Step 4), estimating embedding dimension: increasing embedding dimension m₀Substituting the processes (2) and (3), and repeatedly calculating until m₀Gradually converge to a saturation value, where D (m) does not follow m₀Is changed by an increase of the value of the correlation dimension of the system, corresponding to m₀Is the finally determined embedding dimension.

D. The steps of the unified characterization are adopted:

1. the frequency division factor alpha is obtained by the 24 frequency band signals after frequency division. And in the frequency bands from 0 to alpha, extracting the Barker frequency cepstrum coefficient characteristics of the signals, solving the mean value of each order of parameters, and arranging.

2. In the frequency bands of α +1 to 24, the maximum lyapunov exponent and the associated dimensional characteristic parameter of the signal are extracted.

3. The arrangement is schematically as follows:

further, the dynamic multiband nonlinear characteristics are subjected to a Bayesian network, K nearest neighbor, multilayer neural network and support vector machine algorithm classifier, and a 10-fold cross-validation method is adopted for performance test.

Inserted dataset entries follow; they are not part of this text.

(* Let $T=(T_1,T_2)$ be a toral $2$-isometry on a complex Hilbert space $\mathcal H$. Then: (i) for all integers $k,l\ge0$, $$T_1^{*k}T_2^{*l}T_2^lT_1^k=T_1^{*k}T_1^k+T_2^{*l}T_2^l-I=kT_1^*T_1+lT_2^*T_2-(k+l-1)I;$$ (ii) if $f_0\in\ker T^*=\ker T_1^*\cap\ker T_2^*$ satisfies $\langle T_1^mf_0,T_1^pT_2^qf_0\rangle=0$ for all $q\ge1$, $m,p\ge0$, and $\langle T_2^nf_0,T_1^pT_2^qf_0\rangle=0$ for all $p\ge1$, $n,q\ge0$, then for all $m,n,p,q\ge0$, $$\langle T_1^mT_2^nf_0,T_1^pT_2^qf_0\rangle=\begin{cases}0 & m\ne p,\ n\ne q,\\ \langle T_2^nf_0,T_2^qf_0\rangle & m=p,\ n\ne q,\\ \langle T_1^mf_0,T_1^pf_0\rangle & m\ne p,\ n=q,\\ \|T_1^mf_0\|^2+\|T_2^nf_0\|^2-\|f_0\|^2 & m=p,\ n=q.\end{cases}$$
   Context: A commuting pair $T=(T_1,T_2)$ of bounded operators on $\mathcal H$ is a toral $2$-isometry if $I-T_i^*T_i-T_j^*T_j+T_j^*T_i^*T_iT_j=0$ for all $i,j\in\{1,2\}$. *)

theory Defs
  imports Complex_Main
begin

class complex_vector = ab_group_add +
  fixes scaleC :: "complex \<Rightarrow> 'a \<Rightarrow> 'a" (infixr "*\<^sub>C" 75)
  assumes scaleC_add_right: "a *\<^sub>C (x + y) = a *\<^sub>C x + a *\<^sub>C y"
    and scaleC_add_left: "(a + b) *\<^sub>C x = a *\<^sub>C x + b *\<^sub>C x"
    and scaleC_scaleC: "a *\<^sub>C (b *\<^sub>C x) = (a * b) *\<^sub>C x"
    and scaleC_one: "1 *\<^sub>C x = x"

The results of the experiment are shown in the following table:

the foregoing is only a partial embodiment of the present invention, and it should be noted that, for those skilled in the art, various modifications and decorations can be made without departing from the principle of the present invention, and these modifications and decorations should also be regarded as the protection scope of the present invention.

Claims

1. A dynamic multi-band nonlinear speech feature extraction method is characterized in that,

2. The method for extracting dynamic multiband nonlinear speech features according to claim 1, wherein in step (1), extracting barker frequency cepstrum coefficient feature parameters specifically includes the following steps:

step 1), the bark domain wavelet function is expressed as:

obtaining a functional expression under the auditory perception domain:

wherein, Delta b is (b2-b1)/(K-1) is

K is a scale parameter, [ b1, b2 ]]For auditory perception of frequency bandwidth, b stands for auditory perceptionKnowing the frequency;

step 4), after the speech energy is calculated, the speech energy passes through a bark filter bank BW_m(k) And extracting Barker frequency cepstrum parameters through discrete cosine transform of energy logarithm, wherein m is more than or equal to 1 and less than or equal to 24.

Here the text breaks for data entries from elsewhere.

(* Let $c\in[\frac12,1)$ and let $d,\delta$ be positive integers with $d\ge\delta$. Let $G$ be a graph with maximum degree $\delta$ and $w:V(G)\to[0,1]$ a weight function with $w(V(G))=1$, and assume $G$ has no $d$-bounded $(w,c)$-balanced separator. Fix a bijection $\mathcal{O}:V(G)\to\{1,\dots,|V(G)|\}$. Then the relation $\le_A$ is a partial order on $V(G)$.
   Context: For $X\subseteq V(G)$, $w(X)=\sum_{x\in X}w(x)$; $N[v]=N(v)\cup\{v\}$; $N^d[v]$ is the set of vertices at distance at most $d$ from $v$. A set $X$ is $d$-bounded if $X\subseteq N^d[v]$ for some $v$. $X$ is a $(w,c)$-balanced separator if every connected component $D$ of $G\setminus X$ has $w(D)\le c$. For $v\in V(G)$, the canonical star separation $S_v=(A_v,C_v,B_v)$ is: $B_v$ the (under these assumptions unique) largest-weight connected component of $G\setminus N[v]$, $C_v$ the set consisting of $v$ and every vertex of $N(v)$ with a neighbor in $B_v$, and $A_v=V(G)\setminus(B_v\cup C_v)$. Two vertices $u,v$ are star twins if $B_u=B_v$, $C_u\setminus\{u\}=C_v\setminus\{v\}$ and $A_u\setminus\{v\}=A_v\setminus\{u\}$. The relation $\le_A$ is defined by: $x\le_A y$ if $x=y$, or $x,y$ are star twins and $\mathcal{O}(x)<\mathcal{O}(y)$, or $x,y$ are not star twins and $y\in A_x$. *)

theory Defs
  imports Complex_Main
begin

definition simple_graph :: "'a set \<Rightarrow> ('a \<Rightarrow> 'a \<Rightarrow> bool) \<Rightarrow> bool" where
  "simple_graph V E \<longleftrightarrow> finite V \<and> (\<forall>x y. E x y \<longrightarrow> x \<in> V \<and> y \<in> V)
     \<and> (\<forall>x y. E x y \<longrightarrow> E y x) \<and> (\<forall>x. \<not> E x x)"

definition nbhd :: "'a set \<Rightarrow> ('a \<Rightarrow> 'a \<Rightarrow> bool) \<Rightarrow> 'a \<Rightarrow> 'a set" where
  "nbhd V E v = {u \<in> V. E v u}"

definition cnbhd :: "'a set \<Rightarrow> ('a \<Rightarrow> 'a \<Rightarrow> bool) \<Rightarrow> 'a \<Rightarrow> 'a set" where
  "cnbhd V E v = insert v (nbhd V E v)"

definition max_degree :: "'a set \<Rightarrow> ('a \<Rightarrow> 'a \<Rightarrow> bool) \<Rightarrow> nat" where
  "max_degree V E = Max ((\<lambda>v. card (nbhd V E v)) ` V)"

definition ball_nbhd :: "'a set \<Rightarrow> ('a \<Rightarrow> 'a \<Rightarrow> bool) \<Rightarrow> nat \<Rightarrow> 'a \<Rightarrow> 'a set" where
  "ball_nbhd V E d v = {u \<in> V. \<exists>k\<le>d. ((\<lambda>a b. E a b \<and> a \<in> V \<and> b \<in> V) ^^ k) v u}"

definition d_bounded :: "'a set \<Rightarrow> ('a \<Rightarrow> 'a \<Rightarrow> bool) \<Rightarrow> nat \<Rightarrow> 'a set \<Rightarrow> bool" where
  "d_bounded V E d X \<longleftrightarrow> (\<exists>v\<in>V. X \<subseteq> ball_nbhd V E d v)"

text \<open>Connected components of the induced subgraph G \ X.\<close>
definition components :: "'a set \<Rightarrow> ('a \<Rightarrow> 'a \<Rightarrow> bool) \<Rightarrow> 'a set \<Rightarrow> 'a set set" where
  "components V E X = {C. \<exists>x \<in> V - X. C = {y. (\<lambda>a b. E a b \<and> a \<in> V - X \<and> b \<in> V - X)\<^sup>*\<^sup>* x y}}"

definition weight :: "('a \<Rightarrow> real) \<Rightarrow> 'a set \<Rightarrow> real" where
  "weight w X = sum w X"

definition balanced_separator ::
  "'a set \<Rightarrow> ('a \<Rightarrow> 'a \<Rightarrow> bool) \<Rightarrow> ('a \<Rightarrow> real) \<Rightarrow> real \<Rightarrow> 'a set \<Rightarrow> bool" where
  "balanced_separator V E w c X \<longleftrightarrow> X \<subseteq> V \<and> (\<forall>D \<in> components V E X. weight w D \<le> c)"

definition starB :: "'a set \<Rightarrow> ('a \<Rightarrow> 'a \<Rightarrow> bool) \<Rightarrow> ('a \<Rightarrow> real) \<Rightarrow> 'a \<Rightarrow> 'a set" where
  "starB V E w v = (THE D. D \<in> components V E (cnbhd V E v)
       \<and> (\<forall>D' \<in> components V E (cnbhd V E v). weight w D' \<le> weight w D))"

definition starC :: "'a set \<Rightarrow> ('a \<Rightarrow> 'a \<Rightarrow> bool) \<Rightarrow> ('a \<Rightarrow> real) \<Rightarrow> 'a \<Rightarrow> 'a set" where
  "starC V E w v = insert v {u \<in> nbhd V E v. \<exists>b \<in> starB V E w v. E u b}"

definition starA :: "'a set \<Rightarrow> ('a \<Rightarrow> 'a \<Rightarrow> bool) \<Rightarrow> ('a \<Rightarrow> real) \<Rightarrow> 'a \<Rightarrow> 'a set" where
  "starA V E w v = V - (starB V E w v \<union> starC V E w v)"

definition star_twins :: "'a set \<Rightarrow> ('a \<Rightarrow> 'a \<Rightarrow> bool) \<Rightarrow> ('a \<Rightarrow> real) \<Rightarrow> 'a \<Rightarrow> 'a \<Rightarrow> bool" where
  "star_twins V E w u v \<longleftrightarrow> starB V E w u = starB V E w v
     \<and> starC V E w u - {u} = starC V E w v - {v}
     \<and> starA V E w u - {v} = starA V E w v - {u}"

definition leA :: "'a set \<Rightarrow> ('a \<Rightarrow> 'a \<Rightarrow> bool) \<Rightarrow> ('a \<Rightarrow> real) \<Rightarrow> ('a \<Rightarrow> nat) \<Rightarrow> 'a \<Rightarrow> 'a \<Rightarrow> bool" where
  "leA V E w ord x y \<longleftrightarrow> x = y
     \<or> (star_twins V E w x y \<and> ord x < ord y)
     \<or> (\<not> star_twins V E w x y \<and> y \<in> starA V E w x)"

definition leA_rel :: "'a set \<Rightarrow> ('a \<Rightarrow> 'a \<Rightarrow> bool) \<Rightarrow> ('a \<Rightarrow> real) \<Rightarrow> ('a \<Rightarrow> nat) \<Rightarrow> 'a rel" where
  "leA_rel V E w ord = {(x, y). x \<in> V \<and> y \<in> V \<and> leA V E w ord x y}"

end

theory Submission
  imports Defs
begin

text \<open>
  Since N[v] is itself a d-bounded set, it is not a balanced separator, so G \ N[v] has
  a component of weight more than c \<ge> 1/2; such a component is unique, hence it is B_v.
  Consequently C_v = {v} \<union> N(B_v) and A_v = V - (B_v \<union> N(B_v)) - {v}, where N(B)
  denotes the outer neighbourhood of B, and u, v are star twins exactly when B_u = B_v.
  If y \<in> A_x then B_x is a connected heavy set avoiding N[y], so B_x \<subseteq> B_y;
  and B \<mapsto> V - (B \<union> N(B)) is antitone. Thus \<le>_A refines inclusion of the sets B_v,
  with O ordering each twin class, which makes it a partial order.
\<close>

definition adj_outside :: "'a set \<Rightarrow> ('a \<Rightarrow> 'a \<Rightarrow> bool) \<Rightarrow> 'a set \<Rightarrow> 'a \<Rightarrow> 'a \<Rightarrow> bool" where
  "adj_outside V E X a b \<longleftrightarrow> E a b \<and> a \<in> V - X \<and> b \<in> V - X"

definition set_nbhd :: "'a set \<Rightarrow> ('a \<Rightarrow> 'a \<Rightarrow> bool) \<Rightarrow> 'a set \<Rightarrow> 'a set" where
  "set_nbhd V E B = {u \<in> V - B. \<exists>b\<in>B. E u b}"

lemma set_nbhd_closure_antimono:
  "S \<subseteq> T \<Longrightarrow> V - (T \<union> set_nbhd V E T) \<subseteq> V - (S \<union> set_nbhd V E S)"
  by (auto simp: set_nbhd_def)

lemma components_eq:
  "components V E X = {{y. (adj_outside V E X)\<^sup>*\<^sup>* x y} | x. x \<in> V - X}"
  unfolding components_def adj_outside_def by blast

lemma rtranclp_adj_outside_mem:
  "(adj_outside V E X)\<^sup>*\<^sup>* x y \<Longrightarrow> x \<in> V - X \<Longrightarrow> y \<in> V - X"
  by (induction rule: rtranclp_induct) (auto simp: adj_outside_def)
text \<open>The seed graph G0 is a simple graph with edge relation E
  on the nodes 0..<n0. Sample number j (1-based) creates the new node n0 + j - 1 and attaches it
  to a host. A run is recorded as the list hs of hosts chosen so far; the graph on which the
  next sample (index length hs + 1) is drawn is G0 plus these length hs nodes and edges.
  Only degrees matter for the host distributions.\<close>

definition seed_deg :: "(nat \<times> nat) set \<Rightarrow> nat \<Rightarrow> nat" where
  "seed_deg E v = card {u. (v, u) \<in> E}"

definition pa_deg :: "(nat \<times> nat) set \<Rightarrow> nat \<Rightarrow> nat list \<Rightarrow> nat \<Rightarrow> nat" where
  "pa_deg E n0 hs v =
     seed_deg E v + count_list hs v + (if n0 \<le> v \<and> v < n0 + length hs then 1 else 0)"

definition pa_W :: "real \<Rightarrow> (nat \<times> nat) set \<Rightarrow> nat \<Rightarrow> nat list \<Rightarrow> real" where
  "pa_W \<alpha> E n0 hs = (\<Sum>v<n0 + length hs. real (pa_deg E n0 hs v) powr \<alpha>)"

definition pa_Delta :: "(nat \<times> nat) set \<Rightarrow> nat \<Rightarrow> nat list \<Rightarrow> nat" where
  "pa_Delta E n0 hs = Max (pa_deg E n0 hs ` {..<n0 + length hs})"

definition weighted_pmf :: "(nat \<Rightarrow> real) \<Rightarrow> nat set \<Rightarrow> nat pmf" where
  "weighted_pmf f A = embed_pmf (\<lambda>v. if v \<in> A then f v / (\<Sum>u\<in>A. f u) else 0)"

3. The method for extracting dynamic multiband nonlinear speech feature according to claim 1, wherein in step (2), the extraction of the maximum lyapunov parameter employs a wolff algorithm, which specifically includes the following steps:

step 1) for discrete time series x₁，x₂，x₃，…，x_NDetermining reconstruction dimension m by using G-P algorithm, determining delay time interval tau by using average mutual information method, and reconstructing phase space x (t) ═ x_t，x_t-τ，…，x_t-(m-1)τ) The number of phases is N ═ N- (m-1) tau; wherein the parameter N represents the total number of discrete time series points;

Step 3), setting a time step length or an evolution time t, evolving the initial vector along the track to obtain a new vector, and recording the Euclidean distance between the corresponding point and the endpoint as L (t)₁) And the exponential growth rate of the system linear index in the corresponding time period is recorded as:

4. the dynamic multiband nonlinear speech feature extraction method according to claim 1, wherein in the step (2), the extraction of the associated dimensional feature parameters includes the following steps:

step 2), calculating a correlation integral function:

in the formula:

the attractor has fractal characteristics, and the correlation dimension D and the correlation function C (r) approximately satisfy a log-linear relationship: d (m) ═ ln C (r)/lnr, and m can be calculated by fitting₀A corresponding estimate value;

step 4), estimating embedding dimension: increasing embedding dimension m₀Substituting into step 2) and step 3), and repeatedly calculating until m₀Gradually converge to a saturation value, where D (m) does not follow m₀Is changed by an increase of the value of the correlation dimension of the system, corresponding to m₀Is the finally determined embedding dimension.